- Required work: Every line below between the one holding "(\<forall>a\<in>A. \<forall>b\<in>A. p_arc" and the one holding "(\<lambda>a. cis (\<theta>", inclusive, should be copied exactly, and no other line.

- Records to process:
(* Let $\mathbf{A}=(A,<^{\mathbf{A}},P_1^{\mathbf{A}},P_2^{\mathbf{A}})\in\mathcal{P}_2$. Then the tournament $p(\mathbf{A})$ is isomorphic to an induced subtournament of $\mathbf{S}(2)$.
   Context: $\mathcal{P}_2$ is the class of finite structures $(A,<^{\mathbf{A}},P_1^{\mathbf{A}},P_2^{\mathbf{A}})$ with $<^{\mathbf{A}}$ a linear order on $A$ and $(P_1^{\mathbf{A}},P_2^{\mathbf{A}})$ a partition of $A$. Writing $a\sim b$ when $a,b$ lie in the same part, $p(\mathbf{A})$ is the tournament on $A$ with an arc from $a$ to $b$ iff either ($a\sim b$ and $a<^{\mathbf{A}}b$) or ($a\not\sim b$ and $b<^{\mathbf{A}}a$). $\mathbf{S}(2)$ is the tournament whose vertices are the points of the unit circle of $\mathbb{C}$ with rational argument, with an arc from $x$ to $y$ iff $0<\arg(y/x)<\pi$. *)

theory Defs
  imports "HOL-Analysis.Analysis"
begin

definition in_P2 :: "'a set \<Rightarrow> ('a \<Rightarrow> 'a \<Rightarrow> bool) \<Rightarrow> 'a set \<Rightarrow> 'a set \<Rightarrow> bool" where
  "in_P2 A lt P1 P2 \<longleftrightarrow>
     finite A \<and>
     (\<forall>a\<in>A. \<not> lt a a) \<and>
     (\<forall>a\<in>A. \<forall>b\<in>A. \<forall>c\<in>A. lt a b \<longrightarrow> lt b c \<longrightarrow> lt a c) \<and>
     (\<forall>a\<in>A. \<forall>b\<in>A. a \<noteq> b \<longrightarrow> lt a b \<or> lt b a) \<and>
     P1 \<union> P2 = A \<and> P1 \<inter> P2 = {}"

definition same_part :: "'a set \<Rightarrow> 'a set \<Rightarrow> 'a \<Rightarrow> 'a \<Rightarrow> bool" where
  "same_part P1 P2 a b \<longleftrightarrow> (a \<in> P1 \<and> b \<in> P1) \<or> (a \<in> P2 \<and> b \<in> P2)"

definition p_arc :: "('a \<Rightarrow> 'a \<Rightarrow> bool) \<Rightarrow> 'a set \<Rightarrow> 'a set \<Rightarrow> 'a \<Rightarrow> 'a \<Rightarrow> bool" where
  "p_arc lt P1 P2 a b \<longleftrightarrow>
     (same_part P1 P2 a b \<and> lt a b) \<or> (\<not> same_part P1 P2 a b \<and> lt b a)"

definition S2_vertices :: "complex set" where
  "S2_vertices = {z. norm z = 1 \<and> Arg z \<in> \<rat>}"

definition S2_arc :: "complex \<Rightarrow> complex \<Rightarrow> bool" where
  "S2_arc x y \<longleftrightarrow> 0 < Arg (y / x) \<and> Arg (y / x) < pi"

end

theory Submission
  imports Defs
begin

text \<open>Place the points of \<open>P\<^sub>1\<close> at small positive angles \<open>t a\<close>, increasing along
  the order, and those of \<open>P\<^sub>2\<close> at \<open>t a - d\<close>, where the rational \<open>d\<close> is slightly larger
  than \<open>\<pi>\<close>. Within a part, the arc direction is the sign of \<open>t b - t a\<close>, as in \<open>p(A)\<close>.
  Across parts the angle difference is shifted by almost exactly \<open>\<pm>\<pi>\<close>, which flips
  that sign; the excess \<open>d - \<pi>\<close> is harmless as long as it is smaller than every gap
  \<open>|t a - t b|\<close>.\<close>

lemma sin_pos_iff:
  assumes "\<bar>x\<bar> < pi"
  shows "0 < sin x \<longleftrightarrow> 0 < x"
proof (cases x "0 :: real" rule: linorder_cases)
  case less
  then have "0 < sin (- x)" using assms by (intro sin_gt_zero) auto
  with less show ?thesis by simp
qed (use assms sin_gt_zero in auto)

lemma sin_neg_iff: "\<bar>x\<bar> < pi \<Longrightarrow> sin x < 0 \<longleftrightarrow> x < 0"
  using sin_pos_iff[of "- x"] by auto

lemma S2_arc_cis: "S2_arc (cis x) (cis y) \<longleftrightarrow> 0 < sin (y - x)"
  unfolding S2_arc_def cis_divide Arg_lt_pi by simp

lemma S2_arc_irrefl: "\<not> S2_arc z z"
  by (cases "z = 0") (simp_all add: S2_arc_def Arg_zero)

locale finite_strict_linorder =
  fixes A :: "'a set" and lt :: "'a \<Rightarrow> 'a \<Rightarrow> bool"
  assumes finite: "finite A"
    and irrefl: "a \<in> A \<Longrightarrow> \<not> lt a a"
    and trans: "\<lbrakk>a \<in> A; b \<in> A; c \<in> A; lt a b; lt b c\<rbrakk> \<Longrightarrow> lt a c"
    and total: "\<lbrakk>a \<in> A; b \<in> A; a \<noteq> b\<rbrakk> \<Longrightarrow> lt a b \<or> lt b a"
begin

definition rank :: "'a \<Rightarrow> nat" where
  "rank a = card {b \<in> A. lt b a}"

lemma rank_less_card:
  assumes "a \<in> A"
  shows "rank a < card A"
proof -
  have "{b \<in> A. lt b a} \<subset> A" using assms irrefl by blast
  then show ?thesis unfolding rank_def using finite by (rule psubset_card_mono[rotated])
qed

lemma rank_strict_mono:
  assumes "a \<in> A" "b \<in> A" "lt a b"
  shows "rank a < rank b"
proof -
  have "{c \<in> A. lt c a} \<subseteq> {c \<in> A. lt c b}"
    using assms trans by blast
  moreover have "a \<in> {c \<in> A. lt c b} - {c \<in> A. lt c a}"
    using assms irrefl by blast
  ultimately have "{c \<in> A. lt c a} \<subset> {c \<in> A. lt c b}" by blast
  then show ?thesis unfolding rank_def using finite by (intro psubset_card_mono) auto
qed

lemma rank_less_rank_iff:
  assumes "a \<in> A" "b \<in> A"
  shows "rank a < rank b \<longleftrightarrow> lt a b"
proof
  assume "rank a < rank b"
  then have "a \<noteq> b" "\<not> lt b a" using rank_strict_mono[OF assms(2,1)] by auto
  then show "lt a b" using total[OF assms] by blast
qed (rule rank_strict_mono[OF assms])

lemma rational_order_embedding:
  obtains \<delta> :: real and t :: "'a \<Rightarrow> real" where "0 < \<delta>"
    and "\<And>a. a \<in> A \<Longrightarrow> t a \<in> \<rat> \<and> \<delta> \<le> t a \<and> t a < 1"
    and "\<And>a b. \<lbrakk>a \<in> A; b \<in> A\<rbrakk> \<Longrightarrow> lt a b \<longleftrightarrow> t a < t b"
    and "\<And>a b. \<lbrakk>a \<in> A; b \<in> A; a \<noteq> b\<rbrakk> \<Longrightarrow> \<delta> \<le> \<bar>t a - t b\<bar>"
proof
  define \<delta> :: real where "\<delta> = 1 / (card A + 1)"
  define t where "t a = \<delta> * (rank a + 1)" for a
  show "0 < \<delta>" by (simp add: \<delta>_def)
  show "t a \<in> \<rat> \<and> \<delta> \<le> t a \<and> t a < 1" if "a \<in> A" for a
  proof -
    have "real (rank a + 1) < card A + 1" using rank_less_card[OF that] by linarith
    then show ?thesis by (simp add: t_def \<delta>_def field_simps)
  qed
  show "lt a b \<longleftrightarrow> t a < t b" if "a \<in> A" "b \<in> A" for a b
    using rank_less_rank_iff[OF that] \<open>0 < \<delta>\<close> by (simp add: t_def)
  show "\<delta> \<le> \<bar>t a - t b\<bar>" if "a \<in> A" "b \<in> A" "a \<noteq> b" for a b
  proof -
    have "rank a \<noteq> rank b" using rank_less_rank_iff total that by (metis less_irrefl)
    then have "1 \<le> \<bar>real (rank a) - real (rank b)\<bar>" by linarith
    then show ?thesis using \<open>0 < \<delta>\<close> by (simp add: t_def abs_mult right_diff_distrib[symmetric])
  qed
qed

end

lemma in_P2_finite_strict_linorder: "in_P2 A lt P1 P2 \<Longrightarrow> finite_strict_linorder A lt"
  unfolding in_P2_def finite_strict_linorder_def by (elim conjE) (intro conjI allI impI; blast)

lemma p_arc_total:
  assumes "finite_strict_linorder A lt" "a \<in> A" "b \<in> A" "a \<noteq> b"
  shows "p_arc lt P1 P2 a b \<or> p_arc lt P1 P2 b a"
  using finite_strict_linorder.total[OF assms] by (auto simp: p_arc_def same_part_def)

lemma p_arc_iff_S2_arc_cis:
  assumes partition: "P1 \<union> P2 = A" "P1 \<inter> P2 = {}"
    and order: "\<And>a b. \<lbrakk>a \<in> A; b \<in> A\<rbrakk> \<Longrightarrow> lt a b \<longleftrightarrow> t a < t b"
    and gap: "\<And>a b. \<lbrakk>a \<in> A; b \<in> A; a \<noteq> b\<rbrakk> \<Longrightarrow> d - pi < \<bar>t a - t b\<bar>"
    and bound: "\<And>a b. \<lbrakk>a \<in> A; b \<in> A\<rbrakk> \<Longrightarrow> \<bar>t a - t b\<bar> < 2 * pi - d"
    and angle_P1: "\<And>a. a \<in> P1 \<Longrightarrow> \<theta> a = t a"
    and angle_P2: "\<And>a. a \<in> P2 \<Longrightarrow> \<theta> a = t a - d"
    and "pi \<le> d" and a: "a \<in> A" and b: "b \<in> A"
  shows "p_arc lt P1 P2 a b \<longleftrightarrow> S2_arc (cis (\<theta> a)) (cis (\<theta> b))"
proof -
  define u where "u = t b - t a"
  have u_bound: "\<bar>u\<bar> + (d - pi) < pi" using bound[OF b a] by (simp add: u_def)
  show ?thesis
  proof (cases "same_part P1 P2 a b")
    case True
    then have "\<theta> b - \<theta> a = u" by (auto simp: same_part_def u_def angle_P1 angle_P2)
    then have "S2_arc (cis (\<theta> a)) (cis (\<theta> b)) \<longleftrightarrow> 0 < sin u" by (simp add: S2_arc_cis)
    also have "\<dots> \<longleftrightarrow> 0 < u" using u_bound \<open>pi \<le> d\<close> by (intro sin_pos_iff) linarith
    also have "\<dots> \<longleftrightarrow> lt a b" using order[OF a b] by (simp add: u_def)
    finally show ?thesis using True by (simp add: p_arc_def)
  next
    case False
    have "a \<noteq> b" using False a partition by (auto simp: same_part_def)
    obtain s where s_abs: "\<bar>s\<bar> = d - pi" and sin_angle: "sin (\<theta> b - \<theta> a) = - sin (u + s)"
    proof (cases "a \<in> P1")
      case True
      with False partition b have "b \<in> P2" by (auto simp: same_part_def)
      then have "\<theta> b - \<theta> a = (u + (pi - d)) - pi" using True by (simp add: angle_P1 angle_P2 u_def)
      then have "sin (\<theta> b - \<theta> a) = - sin (u + (pi - d))" by (simp only: sin_minus_pi)
      then show thesis using \<open>pi \<le> d\<close> by (intro that[of "pi - d"]) simp_all
    next
      case False
      with \<open>\<not> same_part P1 P2 a b\<close> partition a b have "a \<in> P2" "b \<in> P1"
        by (auto simp: same_part_def)
      then have "\<theta> b - \<theta> a = (u + (d - pi)) + pi" by (simp add: angle_P1 angle_P2 u_def)
      then have "sin (\<theta> b - \<theta> a) = - sin (u + (d - pi))" by (simp only: sin_periodic_pi)
      then show thesis using \<open>pi \<le> d\<close> by (intro that[of "d - pi"]) simp_all
    qed
    have "S2_arc (cis (\<theta> a)) (cis (\<theta> b)) \<longleftrightarrow> sin (u + s) < 0"
      unfolding S2_arc_cis sin_angle by linarith
    also have "\<dots> \<longleftrightarrow> u + s < 0"
      using u_bound s_abs by (intro sin_neg_iff) arith
    also have "\<dots> \<longleftrightarrow> u < 0"
    proof -
      have "\<bar>s\<bar> < \<bar>u\<bar>" using gap[OF b a \<open>a \<noteq> b\<close>[symmetric]] s_abs by (simp add: u_def)
      then show ?thesis by arith
    qed
    also have "\<dots> \<longleftrightarrow> lt b a" using order[OF b a] by (simp add: u_def)
    finally show ?thesis using False by (simp add: p_arc_def)
  qed
qed

lemma inj_on_if_p_arc_iff_S2_arc:
  assumes "finite_strict_linorder A lt"
    and "\<And>a b. \<lbrakk>a \<in> A; b \<in> A\<rbrakk> \<Longrightarrow> p_arc lt P1 P2 a b \<longleftrightarrow> S2_arc (f a) (f b)"
  shows "inj_on f A"
proof (rule inj_onI, rule ccontr)
  fix a b assume "a \<in> A" "b \<in> A" "f a = f b" "a \<noteq> b"
  then show False using p_arc_total[OF assms(1)] assms(2) S2_arc_irrefl by metis
qed

lemma cis_in_S2_vertices: "\<lbrakk>\<theta> \<in> \<rat>; -pi < \<theta>; \<theta> \<le> pi\<rbrakk> \<Longrightarrow> cis \<theta> \<in> S2_vertices"
  by (simp add: S2_vertices_def Arg_cis)

theorem lemma1:
  fixes A :: "'a set" and lt :: "'a \<Rightarrow> 'a \<Rightarrow> bool" and P1 P2 :: "'a set"
  assumes "in_P2 A lt P1 P2"
  shows "\<exists>f. inj_on f A \<and> f ` A \<subseteq> S2_vertices \<and>
             (\<forall>a\<in>A. \<forall>b\<in>A. p_arc lt P1 P2 a b \<longleftrightarrow> S2_arc (f a) (f b))"
proof -
  interpret finite_strict_linorder A lt
    using assms by (rule in_P2_finite_strict_linorder)
  have partition: "P1 \<union> P2 = A" "P1 \<inter> P2 = {}"
    using assms by (simp_all add: in_P2_def)
  obtain \<delta> :: real and t :: "'a \<Rightarrow> real" where "0 < \<delta>"
    and t_range: "\<And>a. a \<in> A \<Longrightarrow> t a \<in> \<rat> \<and> \<delta> \<le> t a \<and> t a < 1"
    and t_order: "\<And>a b. \<lbrakk>a \<in> A; b \<in> A\<rbrakk> \<Longrightarrow> lt a b \<longleftrightarrow> t a < t b"
    and t_gap: "\<And>a b. \<lbrakk>a \<in> A; b \<in> A; a \<noteq> b\<rbrakk> \<Longrightarrow> \<delta> \<le> \<bar>t a - t b\<bar>"
    using rational_order_embedding by blast
  obtain d where "d \<in> \<rat>" "pi < d" "d < pi + \<delta>"
    using Rats_dense_in_real[of pi "pi + \<delta>"] \<open>0 < \<delta>\<close> by auto
  define \<theta> where "\<theta> a = t a - (if a \<in> P1 then 0 else d)" for a
  have arc: "p_arc lt P1 P2 a b \<longleftrightarrow> S2_arc (cis (\<theta> a)) (cis (\<theta> b))" if "a \<in> A" "b \<in> A" for a b
  proof (rule p_arc_iff_S2_arc_cis[OF partition t_order _ _ _ _ _ that])
    show "d - pi < \<bar>t a - t b\<bar>" if "a \<in> A" "b \<in> A" "a \<noteq> b" for a b
      using t_gap[OF that] \<open>d < pi + \<delta>\<close> by linarith
    show "\<bar>t a - t b\<bar> < 2 * pi - d" if "a \<in> A" "b \<in> A" for a b
      using t_range[OF that(1)] t_range[OF that(2)] \<open>d < pi + \<delta>\<close> pi_gt3 by linarith
  qed (use partition \<open>pi < d\<close> in \<open>auto simp: \<theta>_def\<close>)
  moreover have "cis (\<theta> a) \<in> S2_vertices" if "a \<in> A" for a
    using t_range[OF that] \<open>d \<in> \<rat>\<close> \<open>pi < d\<close> \<open>d < pi + \<delta>\<close> pi_gt3
    by (intro cis_in_S2_vertices) (auto simp: \<theta>_def)
  moreover have "inj_on (\<lambda>a. cis (\<theta> a)) A"
    by (rule inj_on_if_p_arc_iff_S2_arc[OF finite_strict_linorder_axioms arc])
  ultimately show ?thesis by (intro exI[of _ "\<lambda>a. cis (\<theta> a)"]) auto
qed

end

- Exercise output:
             (\<forall>a\<in>A. \<forall>b\<in>A. p_arc lt P1 P2 a b \<longleftrightarrow> S2_arc (f a) (f b))"
proof -
  interpret finite_strict_linorder A lt
    using assms by (rule in_P2_finite_strict_linorder)
  have partition: "P1 \<union> P2 = A" "P1 \<inter> P2 = {}"
    using assms by (simp_all add: in_P2_def)
  obtain \<delta> :: real and t :: "'a \<Rightarrow> real" where "0 < \<delta>"
    and t_range: "\<And>a. a \<in> A \<Longrightarrow> t a \<in> \<rat> \<and> \<delta> \<le> t a \<and> t a < 1"
    and t_order: "\<And>a b. \<lbrakk>a \<in> A; b \<in> A\<rbrakk> \<Longrightarrow> lt a b \<longleftrightarrow> t a < t b"
    and t_gap: "\<And>a b. \<lbrakk>a \<in> A; b \<in> A; a \<noteq> b\<rbrakk> \<Longrightarrow> \<delta> \<le> \<bar>t a - t b\<bar>"
    using rational_order_embedding by blast
  obtain d where "d \<in> \<rat>" "pi < d" "d < pi + \<delta>"
    using Rats_dense_in_real[of pi "pi + \<delta>"] \<open>0 < \<delta>\<close> by auto
  define \<theta> where "\<theta> a = t a - (if a \<in> P1 then 0 else d)" for a
  have arc: "p_arc lt P1 P2 a b \<longleftrightarrow> S2_arc (cis (\<theta> a)) (cis (\<theta> b))" if "a \<in> A" "b \<in> A" for a b
  proof (rule p_arc_iff_S2_arc_cis[OF partition t_order _ _ _ _ _ that])
    show "d - pi < \<bar>t a - t b\<bar>" if "a \<in> A" "b \<in> A" "a \<noteq> b" for a b
      using t_gap[OF that] \<open>d < pi + \<delta>\<close> by linarith
    show "\<bar>t a - t b\<bar> < 2 * pi - d" if "a \<in> A" "b \<in> A" for a b
      using t_range[OF that(1)] t_range[OF that(2)] \<open>d < pi + \<delta>\<close> pi_gt3 by linarith
  qed (use partition \<open>pi < d\<close> in \<open>auto simp: \<theta>_def\<close>)
  moreover have "cis (\<theta> a) \<in> S2_vertices" if "a \<in> A" for a
    using t_range[OF that] \<open>d \<in> \<rat>\<close> \<open>pi < d\<close> \<open>d < pi + \<delta>\<close> pi_gt3
    by (intro cis_in_S2_vertices) (auto simp: \<theta>_def)
  moreover have "inj_on (\<lambda>a. cis (\<theta> a)) A"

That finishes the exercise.